Classroom Teaching Strategies & Research
Below is a general overview of my approach to teaching and descriptions of research projects on teaching interventions-- one study that I conducted while in graduate school and one I plan to conduct when I next teach an introductory geology class (2018). For resources on teaching methodologies, the scholarship of teaching and learning (SoTL), Teaching-as-Research, and specific strategies for teaching in the geosciences, check out my LINKS page.
When teaching, my goal is to instill in my students a high level of excitement about the material and confidence in their abilities to apply new-found knowledge to real-world problems. In the classroom, I prefer using alternative teaching methods to augment lectures (e.g., guided- and structured-inquiry assignments, collaborative learning periods, demonstrations, active hands-on learning with mineral and rock specimens), as these types of teaching strategies often improve students' critical thinking skills, conceptual understanding of materials, confidence in scientific knowledge, and interest in and retention in STEM fields. When implementing a new teaching method, however, it is critical to determine if the intervention is an improvement over the old to ensure that student learning is optimized and not negatively impacted. For example, inquiry-based teaching practices are most often successful for students in traditionally disadvantaged groups, but these inquiry-type methodologies can also be detrimental --particularly to disadvantaged groups-- if implemented with minimal guidance (see Hmelo-Silver et al. (2007) Educational Psychologist for a good review of these issues). During my Ph.D. I conducted a Teaching-as-Research project (through Washington University's STEM Teaching-as-Research internship program) on structured-inquiry assignments, and prepared a comprehensive plan for addressing and researching student misconceptions in environmental science that I plan to implement with the next set of courses I teach.
Structured Inquiry in Environmental Geochemistry
With this Teaching-as-Research project, our goal was to determine if structured-inquiry assignments improve students' conceptual and scientific knowledge relative to traditional algorithmic-based assignments in an upper level course: Environmental Geochemistry.

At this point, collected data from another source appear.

lemma compact_tube: "compact tube"
  unfolding tube_def case_prod_unfold
  by (intro compact_continuous_image compact_Times compact_Icc compact_cball continuous_intros
      continuous_on_compose2[OF continuous_on_x0]) auto

lemma in_tube: "t \<in> {0..T} \<Longrightarrow> norm h \<le> 1 \<Longrightarrow> x0 t + h \<in> tube"
  unfolding tube_def by (rule image_eqI[of _ _ "(t, h)"]) auto

definition M :: real
  where "M = (SOME B. B > 0 \<and> (\<forall>y\<in>tube. onorm ((*v) (J y)) \<le> B))"

lemma M_pos: "M > 0" and onorm_J_le_M: "y \<in> tube \<Longrightarrow> onorm ((*v) (J y)) \<le> M"
proof -
  obtain B where "B > 0" "\<And>y. y \<in> tube \<Longrightarrow> onorm ((*v) (J y)) \<le> B"
    using onorm_J_bounded_on_compact[OF compact_tube] by blast
  then have "\<exists>B. B > 0 \<and> (\<forall>y\<in>tube. onorm ((*v) (J y)) \<le> B)" by blast
  from someI_ex[OF this] show "M > 0" "y \<in> tube \<Longrightarrow> onorm ((*v) (J y)) \<le> M"
    unfolding M_def by auto
qed

lemma norm_J_x0_le:
  assumes "t \<in> {0..T}"
  shows "norm (J (x0 t) *v v) \<le> M * norm v"
proof -
  have "norm (J (x0 t) *v v) \<le> onorm ((*v) (J (x0 t))) * norm v" by (rule onorm) simp
  also have "\<dots> \<le> M * norm v"
    using onorm_J_le_M[OF in_tube[OF assms, of 0]] by (intro mult_right_mono) auto
  finally show ?thesis .
qed

lemma lipschitz_near_x0:
  assumes "t \<in> {0..T}" and "norm a \<le> 1" and "norm b \<le> 1"
  shows "norm (f (x0 t + a) - f (x0 t + b)) \<le> M * norm (a - b)"
proof -
  have "norm (f (x0 t + a) - f (x0 t + b)) \<le> M * norm ((x0 t + a) - (x0 t + b))"
  proof (rule lipschitz_on_convex[where C = "cball (x0 t) 1"])
    fix y assume "y \<in> cball (x0 t) 1"
    then have "x0 t + (y - x0 t) \<in> tube"
      using assms(1) by (intro in_tube) (auto simp: dist_norm norm_minus_commute)
    then show "onorm ((*v) (J y)) \<le> M" by (simp add: onorm_J_le_M)
  qed (use assms in \<open>auto simp: dist_norm\<close>)
  then show ?thesis by simp
qed

lemma uniform_linearisation:
  assumes e: "e > 0"
  obtains \<delta> where "\<delta> > 0" "\<delta> \<le> 1"
    "\<And>t h. t \<in> {0..T} \<Longrightarrow> norm h \<le> \<delta> \<Longrightarrow> norm (f (x0 t + h) - f (x0 t) - J (x0 t) *v h) \<le> e * norm h"
proof -
  define N where "N = real CARD('n) * real CARD('n)"
  have N: "N > 0" by (simp add: N_def)
  have "uniformly_continuous_on tube J"
    by (rule compact_uniformly_continuous[OF continuous_on_subset[OF continuous_J] compact_tube]) simp
  moreover have "e / N > 0" using e N by simp
  ultimately obtain d where d: "d > 0"
    and dJ: "\<forall>y\<in>tube. \<forall>y'\<in>tube. dist y' y < d \<longrightarrow> dist (J y') (J y) < e / N"
    unfolding uniformly_continuous_on_def by blast
  define \<delta> where "\<delta> = min 1 (d / 2)"
  have \<delta>: "\<delta> > 0" "\<delta> \<le> 1" "\<delta> < d" using d by (auto simp: \<delta>_def)
  have "norm (f (x0 t + h) - f (x0 t) - J (x0 t) *v h) \<le> e * norm h"
    if t: "t \<in> {0..T}" and h: "norm h \<le> \<delta>" for t h
  proof -
    have "onorm ((*v) (J y - J (x0 t))) \<le> e" if y: "y \<in> cball (x0 t) \<delta>" for y
    proof -
      have "y \<in> tube"
        using in_tube[OF t, of "y - x0 t"] y \<delta> by (simp add: dist_norm norm_minus_commute)
      moreover have "x0 t \<in> tube" using in_tube[OF t, of 0] by simp
      moreover have "dist y (x0 t) < d" using y \<delta> by (simp add: dist_commute)
      ultimately have "dist (J y) (J (x0 t)) < e / N" using dJ by blast
      then have "N * norm (J y - J (x0 t)) \<le> e" using N by (simp add: dist_norm field_simps)
      with onorm_matrix_vector_mult_le[of "J y - J (x0 t)"] show ?thesis
        unfolding N_def by linarith
    qed
    then show ?thesis
      using norm_linearisation_error_le[where C = "cball (x0 t) \<delta>" and p = "x0 t" and q = "x0 t + h"] h \<delta>
      by (simp add: dist_norm)
  qed
  with \<delta> that show ?thesis by blast
qed

text \<open>Perturbations are clipped to the unit ball so that the perturbed field becomes globally
  Lipschitz and Picard's theorem applies on all of \<open>[0, T]\<close>; Gronwall then shows that for small
  initial perturbations the clipping is never active.\<close>
definition clip :: "real^'n \<Rightarrow> real^'n" where "clip = closest_point (cball 0 1)"

lemma norm_clip_le: "norm (clip v) \<le> 1"
  using closest_point_in_set[of "cball (0::real^'n) 1" v] unfolding clip_def by simp

lemma clip_lipschitz: "norm (clip a - clip b) \<le> norm (a - b)"
  using closest_point_lipschitz[of "cball (0::real^'n) 1" a b] unfolding clip_def by (simp add: dist_norm)

lemma clip_id: "norm v \<le> 1 \<Longrightarrow> clip v = v"
  unfolding clip_def by (rule closest_point_self) simp

lemma continuous_on_clip: "continuous_on S clip"
  unfolding clip_def by (rule continuous_on_closest_point) auto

Students used Geochemist's Workbench to model hypothetical systems in a series of modeling assignments --half of which were 'Practicals' (traditional rote-based) and half of which were 'Experiments' (structured inquiry). Using pre- and post-assignment questions, attitudinal surveys, and pre- and post-semester surveys, we assessed differences in normalized learning gains (NLGs) and student attitudes. Experiments and Practicals improved confidence, conceptual understanding, and data/graph interpretation ability to a similar degree. Interestingly (and quite unexpectedly), the Experiments improved understanding of simple scientific concepts more so than the Practicals, and consistently increased undergraduate students' and female students' NLGs, but had the opposite effect for male students.
Next Planned Research Topic: Overcoming Student Misconceptions in Environmental/Earth Sciences
Environmental and Earth Sciences have their fair share of controversial subjects. While skepticism is certainly healthy, some of these issues are especially challenging in the classroom; misconceptions can be tightly held and as a result, difficult to address. My research objective with this project is to determine if small group discussions of demonstrations and literature, followed by instructor-led class discussions break down student misconceptions more so than traditional lecture-based classes. I plan to investigate various strategies (e.g., mixed lecture and demonstrations, discussions and instructor-led demos, discussions and student-led demos) to address student misconceptions in Environmental or Earth Sciences--
--hopefully when I teach Intro to Geology in Winter 2018 at W&L!